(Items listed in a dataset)
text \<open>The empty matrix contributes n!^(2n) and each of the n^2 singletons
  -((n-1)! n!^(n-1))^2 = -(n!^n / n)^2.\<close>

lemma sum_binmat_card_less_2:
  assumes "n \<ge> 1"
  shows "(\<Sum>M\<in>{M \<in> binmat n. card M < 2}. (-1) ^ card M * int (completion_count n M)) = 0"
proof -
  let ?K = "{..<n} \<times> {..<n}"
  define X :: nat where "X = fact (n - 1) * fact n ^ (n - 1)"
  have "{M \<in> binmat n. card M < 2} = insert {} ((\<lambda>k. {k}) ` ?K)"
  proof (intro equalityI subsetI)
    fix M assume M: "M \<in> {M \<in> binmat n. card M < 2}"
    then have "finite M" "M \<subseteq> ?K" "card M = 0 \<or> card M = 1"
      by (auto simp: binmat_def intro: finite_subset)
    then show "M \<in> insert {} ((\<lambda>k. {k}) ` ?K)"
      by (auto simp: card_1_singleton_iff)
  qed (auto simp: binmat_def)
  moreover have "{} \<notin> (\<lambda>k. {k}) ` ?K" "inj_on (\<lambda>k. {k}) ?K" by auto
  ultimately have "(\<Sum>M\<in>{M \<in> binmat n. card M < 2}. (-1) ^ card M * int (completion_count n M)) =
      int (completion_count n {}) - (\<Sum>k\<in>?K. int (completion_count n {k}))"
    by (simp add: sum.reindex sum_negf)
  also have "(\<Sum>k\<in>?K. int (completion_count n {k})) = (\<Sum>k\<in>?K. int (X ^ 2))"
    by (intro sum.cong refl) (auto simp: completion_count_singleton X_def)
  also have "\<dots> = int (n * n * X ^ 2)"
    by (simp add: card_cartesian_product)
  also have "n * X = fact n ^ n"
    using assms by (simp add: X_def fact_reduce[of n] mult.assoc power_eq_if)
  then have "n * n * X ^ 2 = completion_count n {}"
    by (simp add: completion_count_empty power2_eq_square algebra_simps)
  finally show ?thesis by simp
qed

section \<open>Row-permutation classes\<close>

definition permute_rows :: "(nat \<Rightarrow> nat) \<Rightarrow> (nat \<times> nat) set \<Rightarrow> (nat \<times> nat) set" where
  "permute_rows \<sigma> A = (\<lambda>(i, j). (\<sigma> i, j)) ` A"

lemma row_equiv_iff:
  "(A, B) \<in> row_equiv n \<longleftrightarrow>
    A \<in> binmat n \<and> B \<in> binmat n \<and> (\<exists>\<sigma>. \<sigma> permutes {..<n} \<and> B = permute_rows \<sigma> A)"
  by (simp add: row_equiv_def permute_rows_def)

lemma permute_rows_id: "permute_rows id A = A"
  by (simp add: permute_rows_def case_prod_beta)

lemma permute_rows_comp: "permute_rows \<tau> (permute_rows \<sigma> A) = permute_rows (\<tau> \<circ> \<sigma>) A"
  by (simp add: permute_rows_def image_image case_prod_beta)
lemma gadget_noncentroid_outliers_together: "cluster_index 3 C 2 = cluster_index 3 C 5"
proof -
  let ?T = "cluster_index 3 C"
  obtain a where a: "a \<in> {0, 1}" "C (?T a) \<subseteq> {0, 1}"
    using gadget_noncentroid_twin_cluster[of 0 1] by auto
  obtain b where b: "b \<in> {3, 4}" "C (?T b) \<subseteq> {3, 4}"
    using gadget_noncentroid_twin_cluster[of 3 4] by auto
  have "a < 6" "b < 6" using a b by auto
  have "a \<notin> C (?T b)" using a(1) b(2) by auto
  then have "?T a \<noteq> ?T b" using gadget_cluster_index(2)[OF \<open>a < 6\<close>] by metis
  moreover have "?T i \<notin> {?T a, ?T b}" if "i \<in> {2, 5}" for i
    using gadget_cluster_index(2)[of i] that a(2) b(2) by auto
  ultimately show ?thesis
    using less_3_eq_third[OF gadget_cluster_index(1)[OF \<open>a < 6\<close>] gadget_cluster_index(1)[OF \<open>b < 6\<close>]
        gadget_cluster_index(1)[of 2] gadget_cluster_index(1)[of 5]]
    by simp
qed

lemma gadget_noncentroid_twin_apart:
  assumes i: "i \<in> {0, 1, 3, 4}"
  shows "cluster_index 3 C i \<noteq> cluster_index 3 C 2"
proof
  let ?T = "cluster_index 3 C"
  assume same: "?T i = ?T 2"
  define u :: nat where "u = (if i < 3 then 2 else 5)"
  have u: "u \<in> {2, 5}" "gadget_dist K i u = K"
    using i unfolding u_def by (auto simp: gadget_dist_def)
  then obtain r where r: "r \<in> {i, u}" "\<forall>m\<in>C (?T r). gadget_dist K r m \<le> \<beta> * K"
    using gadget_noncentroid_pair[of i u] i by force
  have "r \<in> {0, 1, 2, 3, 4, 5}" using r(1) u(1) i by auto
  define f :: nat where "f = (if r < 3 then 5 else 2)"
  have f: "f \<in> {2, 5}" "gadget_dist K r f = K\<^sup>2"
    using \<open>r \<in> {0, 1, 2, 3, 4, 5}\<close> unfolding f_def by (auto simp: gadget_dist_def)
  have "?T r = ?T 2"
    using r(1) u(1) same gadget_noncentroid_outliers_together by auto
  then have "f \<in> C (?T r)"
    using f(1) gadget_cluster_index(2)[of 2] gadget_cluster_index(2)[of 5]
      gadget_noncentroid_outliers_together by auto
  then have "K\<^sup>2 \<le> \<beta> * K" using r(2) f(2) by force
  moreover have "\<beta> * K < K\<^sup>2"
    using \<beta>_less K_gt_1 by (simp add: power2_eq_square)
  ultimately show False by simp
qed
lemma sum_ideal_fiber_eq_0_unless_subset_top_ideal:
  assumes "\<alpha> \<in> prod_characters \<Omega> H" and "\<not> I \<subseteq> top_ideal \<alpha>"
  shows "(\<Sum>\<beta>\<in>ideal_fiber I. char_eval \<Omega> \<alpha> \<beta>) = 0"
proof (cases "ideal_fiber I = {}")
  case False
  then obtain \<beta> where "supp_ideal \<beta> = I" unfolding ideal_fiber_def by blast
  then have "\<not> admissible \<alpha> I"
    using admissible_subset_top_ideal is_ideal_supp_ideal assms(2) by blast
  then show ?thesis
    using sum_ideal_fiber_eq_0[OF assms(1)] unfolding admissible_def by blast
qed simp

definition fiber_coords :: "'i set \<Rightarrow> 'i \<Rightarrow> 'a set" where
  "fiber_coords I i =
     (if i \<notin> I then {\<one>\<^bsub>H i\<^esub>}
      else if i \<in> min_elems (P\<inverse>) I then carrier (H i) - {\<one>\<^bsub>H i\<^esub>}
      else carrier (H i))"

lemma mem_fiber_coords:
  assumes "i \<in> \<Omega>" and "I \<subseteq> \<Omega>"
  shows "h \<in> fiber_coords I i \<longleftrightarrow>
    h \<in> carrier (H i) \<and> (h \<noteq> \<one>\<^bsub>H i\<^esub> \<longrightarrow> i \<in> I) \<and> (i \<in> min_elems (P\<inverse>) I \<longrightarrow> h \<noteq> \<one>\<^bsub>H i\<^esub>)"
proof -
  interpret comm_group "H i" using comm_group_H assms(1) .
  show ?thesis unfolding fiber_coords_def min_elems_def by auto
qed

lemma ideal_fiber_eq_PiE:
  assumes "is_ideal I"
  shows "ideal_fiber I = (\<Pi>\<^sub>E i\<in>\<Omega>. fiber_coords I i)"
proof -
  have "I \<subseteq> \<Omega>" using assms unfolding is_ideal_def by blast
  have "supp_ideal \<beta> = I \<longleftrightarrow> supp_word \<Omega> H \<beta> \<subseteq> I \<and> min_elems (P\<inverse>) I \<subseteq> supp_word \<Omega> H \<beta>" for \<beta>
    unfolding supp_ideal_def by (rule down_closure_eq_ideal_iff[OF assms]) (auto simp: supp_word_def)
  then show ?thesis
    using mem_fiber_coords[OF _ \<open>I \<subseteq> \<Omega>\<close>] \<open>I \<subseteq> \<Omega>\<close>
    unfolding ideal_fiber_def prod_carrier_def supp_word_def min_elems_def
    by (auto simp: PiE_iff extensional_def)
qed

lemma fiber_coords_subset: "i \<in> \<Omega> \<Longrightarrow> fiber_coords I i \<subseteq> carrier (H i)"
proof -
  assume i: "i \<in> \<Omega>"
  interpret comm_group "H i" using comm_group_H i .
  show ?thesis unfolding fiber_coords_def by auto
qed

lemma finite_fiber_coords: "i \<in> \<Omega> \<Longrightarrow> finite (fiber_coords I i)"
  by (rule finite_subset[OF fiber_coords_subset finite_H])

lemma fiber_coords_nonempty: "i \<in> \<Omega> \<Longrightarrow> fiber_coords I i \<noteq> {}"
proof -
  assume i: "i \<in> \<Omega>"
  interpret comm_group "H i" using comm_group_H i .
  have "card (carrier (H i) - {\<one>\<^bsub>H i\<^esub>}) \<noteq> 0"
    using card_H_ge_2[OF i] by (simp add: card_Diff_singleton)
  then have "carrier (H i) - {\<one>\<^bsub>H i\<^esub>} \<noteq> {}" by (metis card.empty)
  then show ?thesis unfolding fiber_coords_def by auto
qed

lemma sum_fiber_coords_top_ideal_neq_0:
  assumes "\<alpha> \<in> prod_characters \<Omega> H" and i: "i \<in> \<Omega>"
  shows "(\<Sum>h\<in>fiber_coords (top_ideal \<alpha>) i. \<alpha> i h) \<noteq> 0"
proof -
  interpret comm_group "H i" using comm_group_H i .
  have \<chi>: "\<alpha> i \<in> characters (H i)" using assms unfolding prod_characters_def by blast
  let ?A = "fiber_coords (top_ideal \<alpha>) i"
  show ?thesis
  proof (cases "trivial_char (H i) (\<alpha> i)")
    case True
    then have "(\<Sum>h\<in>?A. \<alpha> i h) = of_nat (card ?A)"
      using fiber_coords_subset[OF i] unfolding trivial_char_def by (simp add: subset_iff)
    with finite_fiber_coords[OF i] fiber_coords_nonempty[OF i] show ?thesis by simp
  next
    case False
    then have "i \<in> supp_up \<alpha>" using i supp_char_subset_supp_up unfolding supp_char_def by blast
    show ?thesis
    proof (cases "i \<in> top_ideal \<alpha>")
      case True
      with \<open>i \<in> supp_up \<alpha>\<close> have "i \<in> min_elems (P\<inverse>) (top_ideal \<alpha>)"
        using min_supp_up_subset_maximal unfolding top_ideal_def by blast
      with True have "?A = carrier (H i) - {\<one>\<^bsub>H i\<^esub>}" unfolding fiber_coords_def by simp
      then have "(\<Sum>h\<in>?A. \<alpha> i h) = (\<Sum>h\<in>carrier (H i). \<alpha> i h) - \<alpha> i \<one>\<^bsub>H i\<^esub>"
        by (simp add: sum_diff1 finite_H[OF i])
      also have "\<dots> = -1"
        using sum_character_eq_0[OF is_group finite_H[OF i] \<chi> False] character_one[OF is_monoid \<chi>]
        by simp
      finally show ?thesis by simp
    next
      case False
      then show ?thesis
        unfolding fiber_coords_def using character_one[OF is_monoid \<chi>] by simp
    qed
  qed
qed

■ YOUR OBJECTIVE
Whenever a line of the entries contains "lambda", it counts toward the total; state that total alone.

■ TASK RESULT
4